Task to complete: Return the full set of records, matching them character for character.

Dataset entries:
[Start of section]
lemma norm_mean_le:
  assumes "finite I" "I \<noteq> {}" "S \<in> space (PiM I (\<lambda>_. M))"
  shows "norm ((1 / card I) *\<^sub>R (\<Sum>i\<in>I. h (S i))) \<le> B"
proof -
  have "norm (\<Sum>i\<in>I. h (S i)) \<le> (\<Sum>i\<in>I. B)"
    using norm_le space_PiM_component[OF assms(3)] by (intro order_trans[OF norm_sum sum_mono]) auto
  then show ?thesis
    using assms(1,2) by (simp add: field_simps card_gt_0_iff)
qed

lemma integrable_norm_mean:
  assumes "finite I" "I \<noteq> {}"
  shows "integrable (PiM I (\<lambda>_. M)) (\<lambda>S. norm ((1 / card I) *\<^sub>R (\<Sum>i\<in>I. h (S i))))"
proof -
  interpret P: prob_space "PiM I (\<lambda>_. M)"
    by (rule prob_space_PiM) (rule prob_space_axioms)
  show ?thesis
    using norm_mean_le[OF assms] by (intro P.integrable_const_bound[where B=B] AE_I2) auto
qed

lemma expectation_norm_mean_le:
  assumes "finite I" "I \<noteq> {}"
  shows "(\<integral>S. norm ((1 / card I) *\<^sub>R (\<Sum>i\<in>I. h (S i))) \<partial>PiM I (\<lambda>_. M)) \<le> B / sqrt (card I)"
proof -
  interpret P: prob_space "PiM I (\<lambda>_. M)"
    by (rule prob_space_PiM) (rule prob_space_axioms)
  let ?X = "\<lambda>S. norm ((1 / card I) *\<^sub>R (\<Sum>i\<in>I. h (S i)))"
  have card_pos: "0 < real (card I)" using assms by (simp add: card_gt_0_iff)
  have integrable_X2: "integrable (PiM I (\<lambda>_. M)) (\<lambda>S. (?X S)^2)"
    using norm_mean_le[OF assms] B_nonneg
    by (intro P.integrable_const_bound[where B="B^2"] AE_I2) (auto intro!: power_mono)
  have "(\<integral>S. (?X S)^2 \<partial>PiM I (\<lambda>_. M))
      = (\<integral>S. norm (\<Sum>i\<in>I. h (S i))^2 \<partial>PiM I (\<lambda>_. M)) / (card I)^2"
    by (simp add: power_divide)
  also have "\<dots> \<le> real (card I) * B^2 / (card I)^2"
    using expectation_norm_sum_sq_le[OF assms(1)] by (rule divide_right_mono) simp
  also have "\<dots> = (B / sqrt (card I))^2"
    using card_pos by (simp add: power_divide power2_eq_square)
  finally have "sqrt (\<integral>S. (?X S)^2 \<partial>PiM I (\<lambda>_. M)) \<le> sqrt ((B / sqrt (card I))^2)"
    by (rule real_sqrt_le_mono)
  also have "\<dots> = B / sqrt (card I)"
    using B_nonneg by simp
  finally show ?thesis
    using P.expectation_le_sqrt_second_moment[OF integrable_norm_mean[OF assms] integrable_X2] by linarith
qed

end

locale lipschitz_subgradient_gd =
  fixes D :: "'z measure" and f :: "'a::euclidean_space \<Rightarrow> 'z \<Rightarrow> real"
    and g :: "'a \<Rightarrow> 'z \<Rightarrow> 'a" and L \<eta> :: real and n :: nat
  assumes prob_space_D: "prob_space D"
    and lipschitz: "\<forall>z\<in>space D. L-lipschitz_on UNIV (\<lambda>w. f w z)"
    and subgradient: "\<forall>z\<in>space D. \<forall>w. is_subgradient (\<lambda>u. f u z) w (g w z)"
    and measurable_g: "(\<lambda>(w, z). g w z) \<in> borel_measurable (borel \<Otimes>\<^sub>M D)"
    and eta_pos: "0 < \<eta>" and n_pos: "1 \<le> n"
begin

sublocale prob_space D
  by (rule prob_space_D)

definition pop_grad :: "'a \<Rightarrow> 'a" where
  "pop_grad w = expectation (g w)"

definition emp_grad :: "(nat \<Rightarrow> 'z) \<Rightarrow> 'a \<Rightarrow> 'a" where
  "emp_grad S w = (1 / real n) *\<^sub>R (\<Sum>i<n. g w (S i))"

definition grad_deviation :: "nat \<Rightarrow> (nat \<Rightarrow> 'z) \<Rightarrow> 'a" where
  "grad_deviation t S = emp_grad S (gd_pop \<eta> g D t) - pop_grad (gd_pop \<eta> g D t)"

lemma L_nonneg: "0 \<le> L"
  using lipschitz not_empty lipschitz_on_nonneg by blast

lemma norm_g_le: "z \<in> space D \<Longrightarrow> norm (g w z) \<le> L"
  using subgradient lipschitz by (blast intro: subgradient_norm_le)

lemma measurable_g_at[measurable]: "g w \<in> borel_measurable D"
  using measurable_Pair2[OF measurable_g, of w] by simp

lemma integrable_g: "integrable D (g w)"
  by (rule integrable_const_bound[where B=L]) (auto simp: norm_g_le)

lemma norm_pop_grad_le: "norm (pop_grad w) \<le> L"
proof -
  have "norm (pop_grad w) \<le> expectation (\<lambda>z. norm (g w z))"
    unfolding pop_grad_def by (rule integral_norm_bound)
  also have "\<dots> \<le> expectation (\<lambda>_. L)"
    by (rule integral_mono) (auto simp: norm_g_le integrable_g)
  finally show ?thesis by (simp add: prob_space)
qed

lemma norm_emp_grad_le:
  assumes "\<forall>i<n. S i \<in> space D"
  shows "norm (emp_grad S w) \<le> L"
proof -
  have "norm (\<Sum>i<n. g w (S i)) \<le> (\<Sum>i<n. L)"
    using assms norm_g_le by (intro order_trans[OF norm_sum sum_mono]) auto
  then show ?thesis
    using n_pos by (simp add: emp_grad_def field_simps)
qed

lemma emp_grad_monotone:
  assumes "\<forall>i<n. S i \<in> space D"
  shows "0 \<le> inner (u - v) (emp_grad S u - emp_grad S v)"
proof -
  have "inner (u - v) (emp_grad S u - emp_grad S v)
      = (\<Sum>i<n. inner (u - v) (g u (S i) - g v (S i))) / real n"
    by (simp add: emp_grad_def inner_sum_right inner_diff_right sum_subtractf diff_divide_distrib)
  also have "0 \<le> \<dots>"
    using assms subgradient by (intro divide_nonneg_nonneg sum_nonneg subgradient_monotone) auto
  finally show ?thesis .
qed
[End of section]
Solution to this task:
lemma norm_mean_le:
  assumes "finite I" "I \<noteq> {}" "S \<in> space (PiM I (\<lambda>_. M))"
  shows "norm ((1 / card I) *\<^sub>R (\<Sum>i\<in>I. h (S i))) \<le> B"
proof -
  have "norm (\<Sum>i\<in>I. h (S i)) \<le> (\<Sum>i\<in>I. B)"
    using norm_le space_PiM_component[OF assms(3)] by (intro order_trans[OF norm_sum sum_mono]) auto
  then show ?thesis
    using assms(1,2) by (simp add: field_simps card_gt_0_iff)
qed

lemma integrable_norm_mean:
  assumes "finite I" "I \<noteq> {}"
  shows "integrable (PiM I (\<lambda>_. M)) (\<lambda>S. norm ((1 / card I) *\<^sub>R (\<Sum>i\<in>I. h (S i))))"
proof -
  interpret P: prob_space "PiM I (\<lambda>_. M)"
    by (rule prob_space_PiM) (rule prob_space_axioms)
  show ?thesis
    using norm_mean_le[OF assms] by (intro P.integrable_const_bound[where B=B] AE_I2) auto
qed

lemma expectation_norm_mean_le:
  assumes "finite I" "I \<noteq> {}"
  shows "(\<integral>S. norm ((1 / card I) *\<^sub>R (\<Sum>i\<in>I. h (S i))) \<partial>PiM I (\<lambda>_. M)) \<le> B / sqrt (card I)"
proof -
  interpret P: prob_space "PiM I (\<lambda>_. M)"
    by (rule prob_space_PiM) (rule prob_space_axioms)
  let ?X = "\<lambda>S. norm ((1 / card I) *\<^sub>R (\<Sum>i\<in>I. h (S i)))"
  have card_pos: "0 < real (card I)" using assms by (simp add: card_gt_0_iff)
  have integrable_X2: "integrable (PiM I (\<lambda>_. M)) (\<lambda>S. (?X S)^2)"
    using norm_mean_le[OF assms] B_nonneg
    by (intro P.integrable_const_bound[where B="B^2"] AE_I2) (auto intro!: power_mono)
  have "(\<integral>S. (?X S)^2 \<partial>PiM I (\<lambda>_. M))
      = (\<integral>S. norm (\<Sum>i\<in>I. h (S i))^2 \<partial>PiM I (\<lambda>_. M)) / (card I)^2"
    by (simp add: power_divide)
  also have "\<dots> \<le> real (card I) * B^2 / (card I)^2"
    using expectation_norm_sum_sq_le[OF assms(1)] by (rule divide_right_mono) simp
  also have "\<dots> = (B / sqrt (card I))^2"
    using card_pos by (simp add: power_divide power2_eq_square)
  finally have "sqrt (\<integral>S. (?X S)^2 \<partial>PiM I (\<lambda>_. M)) \<le> sqrt ((B / sqrt (card I))^2)"
    by (rule real_sqrt_le_mono)
  also have "\<dots> = B / sqrt (card I)"
    using B_nonneg by simp
  finally show ?thesis
    using P.expectation_le_sqrt_second_moment[OF integrable_norm_mean[OF assms] integrable_X2] by linarith
qed

end

locale lipschitz_subgradient_gd =
  fixes D :: "'z measure" and f :: "'a::euclidean_space \<Rightarrow> 'z \<Rightarrow> real"
    and g :: "'a \<Rightarrow> 'z \<Rightarrow> 'a" and L \<eta> :: real and n :: nat
  assumes prob_space_D: "prob_space D"
    and lipschitz: "\<forall>z\<in>space D. L-lipschitz_on UNIV (\<lambda>w. f w z)"
    and subgradient: "\<forall>z\<in>space D. \<forall>w. is_subgradient (\<lambda>u. f u z) w (g w z)"
    and measurable_g: "(\<lambda>(w, z). g w z) \<in> borel_measurable (borel \<Otimes>\<^sub>M D)"
    and eta_pos: "0 < \<eta>" and n_pos: "1 \<le> n"
begin

sublocale prob_space D
  by (rule prob_space_D)

definition pop_grad :: "'a \<Rightarrow> 'a" where
  "pop_grad w = expectation (g w)"

definition emp_grad :: "(nat \<Rightarrow> 'z) \<Rightarrow> 'a \<Rightarrow> 'a" where
  "emp_grad S w = (1 / real n) *\<^sub>R (\<Sum>i<n. g w (S i))"

definition grad_deviation :: "nat \<Rightarrow> (nat \<Rightarrow> 'z) \<Rightarrow> 'a" where
  "grad_deviation t S = emp_grad S (gd_pop \<eta> g D t) - pop_grad (gd_pop \<eta> g D t)"

lemma L_nonneg: "0 \<le> L"
  using lipschitz not_empty lipschitz_on_nonneg by blast

lemma norm_g_le: "z \<in> space D \<Longrightarrow> norm (g w z) \<le> L"
  using subgradient lipschitz by (blast intro: subgradient_norm_le)

lemma measurable_g_at[measurable]: "g w \<in> borel_measurable D"
  using measurable_Pair2[OF measurable_g, of w] by simp

lemma integrable_g: "integrable D (g w)"
  by (rule integrable_const_bound[where B=L]) (auto simp: norm_g_le)

lemma norm_pop_grad_le: "norm (pop_grad w) \<le> L"
proof -
  have "norm (pop_grad w) \<le> expectation (\<lambda>z. norm (g w z))"
    unfolding pop_grad_def by (rule integral_norm_bound)
  also have "\<dots> \<le> expectation (\<lambda>_. L)"
    by (rule integral_mono) (auto simp: norm_g_le integrable_g)
  finally show ?thesis by (simp add: prob_space)
qed

lemma norm_emp_grad_le:
  assumes "\<forall>i<n. S i \<in> space D"
  shows "norm (emp_grad S w) \<le> L"
proof -
  have "norm (\<Sum>i<n. g w (S i)) \<le> (\<Sum>i<n. L)"
    using assms norm_g_le by (intro order_trans[OF norm_sum sum_mono]) auto
  then show ?thesis
    using n_pos by (simp add: emp_grad_def field_simps)
qed

lemma emp_grad_monotone:
  assumes "\<forall>i<n. S i \<in> space D"
  shows "0 \<le> inner (u - v) (emp_grad S u - emp_grad S v)"
proof -
  have "inner (u - v) (emp_grad S u - emp_grad S v)
      = (\<Sum>i<n. inner (u - v) (g u (S i) - g v (S i))) / real n"
    by (simp add: emp_grad_def inner_sum_right inner_diff_right sum_subtractf diff_divide_distrib)
  also have "0 \<le> \<dots>"
    using assms subgradient by (intro divide_nonneg_nonneg sum_nonneg subgradient_monotone) auto
  finally show ?thesis .
qed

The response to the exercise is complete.